Within the entries below, the lines from the one with "(fst x)) has_derivative" through the one with "x / g x) has_derivative" are to be set down exactly, both ends kept.
==============================
(* Let $\phi=\tilde p/p$ be an irreducible rational inner function on $\mathbb{D}^3$ of degree $(m,n,1)$, written with $p(z)=p_1(z_1,z_2)+z_3p_2(z_1,z_2)$ and $\tilde p(z)=z_3\tilde p_1(z_1,z_2)+\tilde p_2(z_1,z_2)$. Let $\zeta\in\mathbb{T}^3\cap\mathcal{Z}_{\tilde p}$. If the vertical line $\{(\zeta_1,\zeta_2)\}\times\mathbb{T}$ is not contained in $\mathcal{Z}_{\tilde p}$, then there is a neighborhood $U\subseteq\mathbb{C}^3$ of $\zeta$ such that \[\mathcal{Z}_{\tilde p}\cap U=\{(z_1,z_2,\psi^0(z_1,z_2)):(z_1,z_2)\in V\}\] for some open $V\subseteq\mathbb{C}^2$, where $\psi^0:=-\tilde p_2/\tilde p_1$ is analytic near $(\zeta_1,\zeta_2)$.
   Context: $\mathbb{D}^3$, $\mathbb{T}^3$: open unit tridisk and unit 3-torus. A rational inner function (RIF) is a rational function holomorphic on $\mathbb{D}^3$ with unimodular radial limits a.e. on $\mathbb{T}^3$; it is written $\phi=\tilde p/p$ with $p$ zero-free on $\mathbb{D}^3$, $p$ and $\tilde p$ without common factors, $\dim(\mathcal{Z}_p\cap\mathbb{T}^3)\le1$. Degree $(m,n,1)$ means maximal powers $m,n,1$ in $z_1,z_2,z_3$, and $\tilde p(z)=z_1^mz_2^nz_3\overline{p(1/\bar z_1,1/\bar z_2,1/\bar z_3)}$; then $\tilde p_j(z_1,z_2)=z_1^mz_2^n\overline{p_j(1/\bar z_1,1/\bar z_2)}$ for $j=1,2$, and $p_1,p_2$ (resp. $\tilde p_1,\tilde p_2$) share no common factors. $\mathcal{Z}_q$ denotes the zero set of a polynomial $q$. *)

theory Defs
  imports "HOL-Analysis.Analysis" "HOL-Computational_Algebra.Computational_Algebra"
begin

text \<open>Polynomials in three complex variables are represented as iterated univariate
polynomials: the outermost variable is z3, the middle one z2, the innermost z1.
Polynomials in (z1,z2) have type complex poly poly (outer z2, inner z1).\<close>

type_synonym poly3 = "complex poly poly poly"
type_synonym poly2 = "complex poly poly"

definition eval2 :: "poly2 \<Rightarrow> complex \<Rightarrow> complex \<Rightarrow> complex" where
  "eval2 q z1 z2 = poly (poly q [:z2:]) z1"

definition eval3 :: "poly3 \<Rightarrow> complex \<Rightarrow> complex \<Rightarrow> complex \<Rightarrow> complex" where
  "eval3 p z1 z2 z3 = poly (poly (poly p [:[:z3:]:]) [:z2:]) z1"

definition coeff3 :: "poly3 \<Rightarrow> nat \<Rightarrow> nat \<Rightarrow> nat \<Rightarrow> complex" where
  "coeff3 p i j k = coeff (coeff (coeff p k) j) i"

definition deg_z3 :: "poly3 \<Rightarrow> nat" where
  "deg_z3 p = degree p"

definition deg_z2 :: "poly3 \<Rightarrow> nat" where
  "deg_z2 p = Max ((\<lambda>k. degree (coeff p k)) ` {..degree p})"

definition deg_z1 :: "poly3 \<Rightarrow> nat" where
  "deg_z1 p = Max ((\<lambda>(k, j). degree (coeff (coeff p k) j)) ` ({..degree p} \<times> {..deg_z2 p}))"

text \<open>Reflection: refl3 m n l p (z) = z1^m z2^n z3^l conj(p(1/conj z1, 1/conj z2, 1/conj z3))\<close>
definition refl3 :: "nat \<Rightarrow> nat \<Rightarrow> nat \<Rightarrow> poly3 \<Rightarrow> poly3" where
  "refl3 m n l p = (\<Sum>i\<le>m. \<Sum>j\<le>n. \<Sum>k\<le>l.
      monom (monom (monom (cnj (coeff3 p i j k)) (m - i)) (n - j)) (l - k))"

text \<open>Holomorphy (= analyticity) of a function of two complex variables on a set:
complex Fr\'echet differentiability at every point of an open set.\<close>
definition holo2_on :: "(complex \<times> complex \<Rightarrow> complex) \<Rightarrow> (complex \<times> complex) set \<Rightarrow> bool" where
  "holo2_on f S \<longleftrightarrow> open S \<and>
     (\<forall>w\<in>S. \<exists>a b. (f has_derivative (\<lambda>h. a * fst h + b * snd h)) (at w))"

end

theory Submission
  imports Defs
begin

text \<open>Since \<open>p\<close> has degree 1 in \<open>z3\<close>, so has \<open>p~\<close>, i.e.\ \<open>p~ = p~\<^sub>2 + z3 p~\<^sub>1\<close>.
If \<open>p~\<^sub>1(\<zeta>1,\<zeta>2) = 0\<close>, then the zero \<open>\<zeta>\<close> forces \<open>p~\<^sub>2(\<zeta>1,\<zeta>2) = 0\<close> as well, and the whole
vertical line through \<open>\<zeta>\<close> lies in the zero set, which is excluded. Hence \<open>p~\<^sub>1 \<noteq> 0\<close> on an
open neighbourhood \<open>V\<close> of \<open>(\<zeta>1,\<zeta>2)\<close>, where \<open>\<psi>\<^sup>0 = - p~\<^sub>2/p~\<^sub>1\<close> is holomorphic, and over
\<open>V\<close> the equation \<open>p~ = 0\<close> is solved exactly by \<open>z3 = \<psi>\<^sup>0(z1,z2)\<close>. Only the degree in \<open>z3\<close>
and the vertical-line hypothesis enter the argument.\<close>

definition holo2_at :: "(complex \<times> complex \<Rightarrow> complex) \<Rightarrow> complex \<times> complex \<Rightarrow> bool" where
  "holo2_at f w \<longleftrightarrow> (\<exists>a b. (f has_derivative (\<lambda>h. a * fst h + b * snd h)) (at w))"

lemma holo2_on_iff: "holo2_on f S \<longleftrightarrow> open S \<and> (\<forall>w\<in>S. holo2_at f w)"
  unfolding holo2_on_def holo2_at_def ..

lemma holo2_at_imp_isCont: "holo2_at f w \<Longrightarrow> isCont f w"
  unfolding holo2_at_def by (blast intro: has_derivative_continuous)

lemma holo2_at_const: "holo2_at (\<lambda>w. c) w"
  unfolding holo2_at_def by (rule exI[of _ 0], rule exI[of _ 0]) simp

lemma holo2_at_snd: "holo2_at snd w"
  unfolding holo2_at_def by (rule exI[of _ 0], rule exI[of _ 1]) (simp add: has_derivative_snd)

lemma holo2_at_poly_fst: "holo2_at (\<lambda>x. poly q (fst x)) w"
proof -
  have "(poly q has_derivative (\<lambda>h. poly (pderiv q) (fst w) * h)) (at (fst w))"
    using poly_DERIV[of q "fst w"] by (simp add: has_field_derivative_def)
  from has_derivative_compose[OF has_derivative_fst[OF has_derivative_ident] this]
  have "((\<lambda>x. poly q (fst x)) has_derivative (\<lambda>h. poly (pderiv q) (fst w) * fst h + 0 * snd h)) (at w)"
    by (simp add: o_def)
  then show ?thesis unfolding holo2_at_def by blast
qed

lemma holo2_at_add:
  assumes "holo2_at f w" "holo2_at g w"
  shows "holo2_at (\<lambda>x. f x + g x) w"
proof -
  obtain a b c d where
    f: "(f has_derivative (\<lambda>h. a * fst h + b * snd h)) (at w)" and
    g: "(g has_derivative (\<lambda>h. c * fst h + d * snd h)) (at w)"
    using assms unfolding holo2_at_def by blast
  have "((\<lambda>x. f x + g x) has_derivative (\<lambda>h. (a + c) * fst h + (b + d) * snd h)) (at w)"
    using has_derivative_add[OF f g] by (simp add: algebra_simps)
  then show ?thesis unfolding holo2_at_def by blast
qed

lemma holo2_at_mult:
  assumes "holo2_at f w" "holo2_at g w"
  shows "holo2_at (\<lambda>x. f x * g x) w"
proof -
  obtain a b c d where
    f: "(f has_derivative (\<lambda>h. a * fst h + b * snd h)) (at w)" and
    g: "(g has_derivative (\<lambda>h. c * fst h + d * snd h)) (at w)"
    using assms unfolding holo2_at_def by blast
  have "((\<lambda>x. f x * g x) has_derivative
      (\<lambda>h. (f w * c + a * g w) * fst h + (f w * d + b * g w) * snd h)) (at w)"
    using has_derivative_mult[OF f g] by (simp add: algebra_simps)
  then show ?thesis unfolding holo2_at_def by blast
qed

lemma holo2_at_divide:
  assumes "holo2_at f w" "holo2_at g w" "g w \<noteq> 0"
  shows "holo2_at (\<lambda>x. f x / g x) w"
proof -
  obtain a b c d where
    f: "(f has_derivative (\<lambda>h. a * fst h + b * snd h)) (at w)" and
    g: "(g has_derivative (\<lambda>h. c * fst h + d * snd h)) (at w)"
    using assms unfolding holo2_at_def by blast
  have "((\<lambda>x. f x / g x) has_derivative
      (\<lambda>h. ((a * g w - f w * c) / (g w * g w)) * fst h
         + ((b * g w - f w * d) / (g w * g w)) * snd h)) (at w)"
    by (rule has_derivative_eq_rhs[OF has_derivative_divide'[OF f g assms(3)]])
       (use assms(3) in \<open>simp add: fun_eq_iff field_simps\<close>)
  then show ?thesis unfolding holo2_at_def by blast
qed

lemma eval2_pCons: "eval2 (pCons a q) z1 z2 = poly a z1 + z2 * eval2 q z1 z2"
  unfolding eval2_def by simp

lemma eval2_uminus: "eval2 (- q) z1 z2 = - eval2 q z1 z2"
  unfolding eval2_def by simp

lemma holo2_at_eval2: "holo2_at (\<lambda>x. eval2 q (fst x) (snd x)) w"
proof (induction q rule: pCons_induct)
  case 0
  then show ?case by (simp add: eval2_def holo2_at_const)
next
  case (pCons a q)
  then show ?case unfolding eval2_pCons
    by (intro holo2_at_add holo2_at_mult holo2_at_poly_fst holo2_at_snd)
qed

lemma continuous_on_eval2: "continuous_on S (\<lambda>x. eval2 q (fst x) (snd x))"
  by (intro continuous_at_imp_continuous_on ballI holo2_at_imp_isCont holo2_at_eval2)

lemma holo2_on_eval2_divide:
  "holo2_on (\<lambda>(z1, z2). eval2 q0 z1 z2 / eval2 q1 z1 z2) {(z1, z2). eval2 q1 z1 z2 \<noteq> 0}"
  unfolding holo2_on_iff
proof (intro conjI ballI)
  show "open {(z1, z2). eval2 q1 z1 z2 \<noteq> 0}"
    using open_Collect_neq[OF continuous_on_eval2 continuous_on_const, of q1 0]
    by (simp add: case_prod_beta')
next
  fix w assume "w \<in> {(z1, z2). eval2 q1 z1 z2 \<noteq> 0}"
  then have "eval2 q1 (fst w) (snd w) \<noteq> 0" by (simp add: case_prod_beta)
  from holo2_at_divide[OF holo2_at_eval2 holo2_at_eval2 this]
  show "holo2_at (\<lambda>(z1, z2). eval2 q0 z1 z2 / eval2 q1 z1 z2) w"
    by (simp add: case_prod_beta')
qed

lemma degree_refl3_le: "degree (refl3 m n 1 p) \<le> 1"
proof (rule degree_le, intro allI impI)
  fix i :: nat assume "1 < i"
  then show "coeff (refl3 m n 1 p) i = 0"
    unfolding refl3_def by (simp add: coeff_sum coeff_monom)
qed

lemma eval3_degree_le_1:
  assumes "degree q \<le> 1"
  shows "eval3 q z1 z2 z3 = eval2 (coeff q 0) z1 z2 + z3 * eval2 (coeff q 1) z1 z2"
proof -
  have "poly q x = (\<Sum>i\<le>1. coeff q i * x ^ i)" for x
    unfolding poly_altdef
    by (rule sum.mono_neutral_left) (use assms in \<open>auto simp: coeff_eq_0\<close>)
  then show ?thesis unfolding eval3_def eval2_def by simp
qed

lemma zero_set_eval3_eq_graph:
  assumes "degree q \<le> 1"
  shows "{(z1, z2, z3). eval3 q z1 z2 z3 = 0} \<inter> {(z1, z2, z3). eval2 (coeff q 1) z1 z2 \<noteq> 0} =
    {(z1, z2, - eval2 (coeff q 0) z1 z2 / eval2 (coeff q 1) z1 z2) | z1 z2.
       (z1, z2) \<in> {(z1, z2). eval2 (coeff q 1) z1 z2 \<noteq> 0}}"
  using eval3_degree_le_1[OF assms] by (auto simp: field_simps add_eq_0_iff)

theorem lemma3p1:
  fixes p :: poly3 and m n :: nat and \<zeta>1 \<zeta>2 \<zeta>3 :: complex
  defines "pt \<equiv> refl3 m n 1 p"
  assumes irred: "irreducible p"
    and deg: "deg_z1 p = m" "deg_z2 p = n" "deg_z3 p = 1"
    and zero_free: "\<forall>z1 z2 z3. norm z1 < 1 \<and> norm z2 < 1 \<and> norm z3 < 1 \<longrightarrow> eval3 p z1 z2 z3 \<noteq> 0"
    and cop: "coprime p pt"
    and torus: "norm \<zeta>1 = 1" "norm \<zeta>2 = 1" "norm \<zeta>3 = 1"
    and zero: "eval3 pt \<zeta>1 \<zeta>2 \<zeta>3 = 0"
    and not_line: "\<not> (\<forall>t. norm t = 1 \<longrightarrow> eval3 pt \<zeta>1 \<zeta>2 t = 0)"
  shows "\<exists>U V. open U \<and> (\<zeta>1, \<zeta>2, \<zeta>3) \<in> U \<and> open V \<and>
           {(z1, z2, z3). eval3 pt z1 z2 z3 = 0} \<inter> U =
             {(z1, z2, - eval2 (coeff pt 0) z1 z2 / eval2 (coeff pt 1) z1 z2) | z1 z2. (z1, z2) \<in> V}
         \<and> (\<exists>W. (\<zeta>1, \<zeta>2) \<in> W \<and>
               holo2_on (\<lambda>(z1, z2). - eval2 (coeff pt 0) z1 z2 / eval2 (coeff pt 1) z1 z2) W)"
proof -
  define V where "V = {(z1, z2). eval2 (coeff pt 1) z1 z2 \<noteq> 0}"
  define U where "U = (\<lambda>(z1, z2, z3 :: complex). (z1, z2)) -` V"
  have affine: "degree pt \<le> 1"
    unfolding pt_def by (rule degree_refl3_le)
  have holo: "holo2_on (\<lambda>(z1, z2). - eval2 (coeff pt 0) z1 z2 / eval2 (coeff pt 1) z1 z2) V"
    using holo2_on_eval2_divide[of "- coeff pt 0" "coeff pt 1"] by (simp add: V_def eval2_uminus)
  then have "open V" by (simp add: holo2_on_iff)
  then have "open U"
    unfolding U_def case_prod_beta by (rule continuous_open_vimage) (intro continuous_intros)
  have in_V: "(\<zeta>1, \<zeta>2) \<in> V"
    using zero not_line eval3_degree_le_1[OF affine] by (auto simp: V_def)
  have graph: "{(z1, z2, z3). eval3 pt z1 z2 z3 = 0} \<inter> U =
      {(z1, z2, - eval2 (coeff pt 0) z1 z2 / eval2 (coeff pt 1) z1 z2) | z1 z2. (z1, z2) \<in> V}"
    using zero_set_eval3_eq_graph[OF affine] by (simp add: U_def V_def vimage_def case_prod_beta')
  show ?thesis
    using \<open>open U\<close> \<open>open V\<close> in_V graph holo by (intro exI[of _ U] exI[of _ V]) (auto simp: U_def)
qed

end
==============================
RESULT OF THE TASK —
  have "((\<lambda>x. poly q (fst x)) has_derivative (\<lambda>h. poly (pderiv q) (fst w) * fst h + 0 * snd h)) (at w)"
    by (simp add: o_def)
  then show ?thesis unfolding holo2_at_def by blast
qed

lemma holo2_at_add:
  assumes "holo2_at f w" "holo2_at g w"
  shows "holo2_at (\<lambda>x. f x + g x) w"
proof -
  obtain a b c d where
    f: "(f has_derivative (\<lambda>h. a * fst h + b * snd h)) (at w)" and
    g: "(g has_derivative (\<lambda>h. c * fst h + d * snd h)) (at w)"
    using assms unfolding holo2_at_def by blast
  have "((\<lambda>x. f x + g x) has_derivative (\<lambda>h. (a + c) * fst h + (b + d) * snd h)) (at w)"
    using has_derivative_add[OF f g] by (simp add: algebra_simps)
  then show ?thesis unfolding holo2_at_def by blast
qed

lemma holo2_at_mult:
  assumes "holo2_at f w" "holo2_at g w"
  shows "holo2_at (\<lambda>x. f x * g x) w"
proof -
  obtain a b c d where
    f: "(f has_derivative (\<lambda>h. a * fst h + b * snd h)) (at w)" and
    g: "(g has_derivative (\<lambda>h. c * fst h + d * snd h)) (at w)"
    using assms unfolding holo2_at_def by blast
  have "((\<lambda>x. f x * g x) has_derivative
      (\<lambda>h. (f w * c + a * g w) * fst h + (f w * d + b * g w) * snd h)) (at w)"
    using has_derivative_mult[OF f g] by (simp add: algebra_simps)
  then show ?thesis unfolding holo2_at_def by blast
qed

lemma holo2_at_divide:
  assumes "holo2_at f w" "holo2_at g w" "g w \<noteq> 0"
  shows "holo2_at (\<lambda>x. f x / g x) w"
proof -
  obtain a b c d where
    f: "(f has_derivative (\<lambda>h. a * fst h + b * snd h)) (at w)" and
    g: "(g has_derivative (\<lambda>h. c * fst h + d * snd h)) (at w)"
    using assms unfolding holo2_at_def by blast
  have "((\<lambda>x. f x / g x) has_derivative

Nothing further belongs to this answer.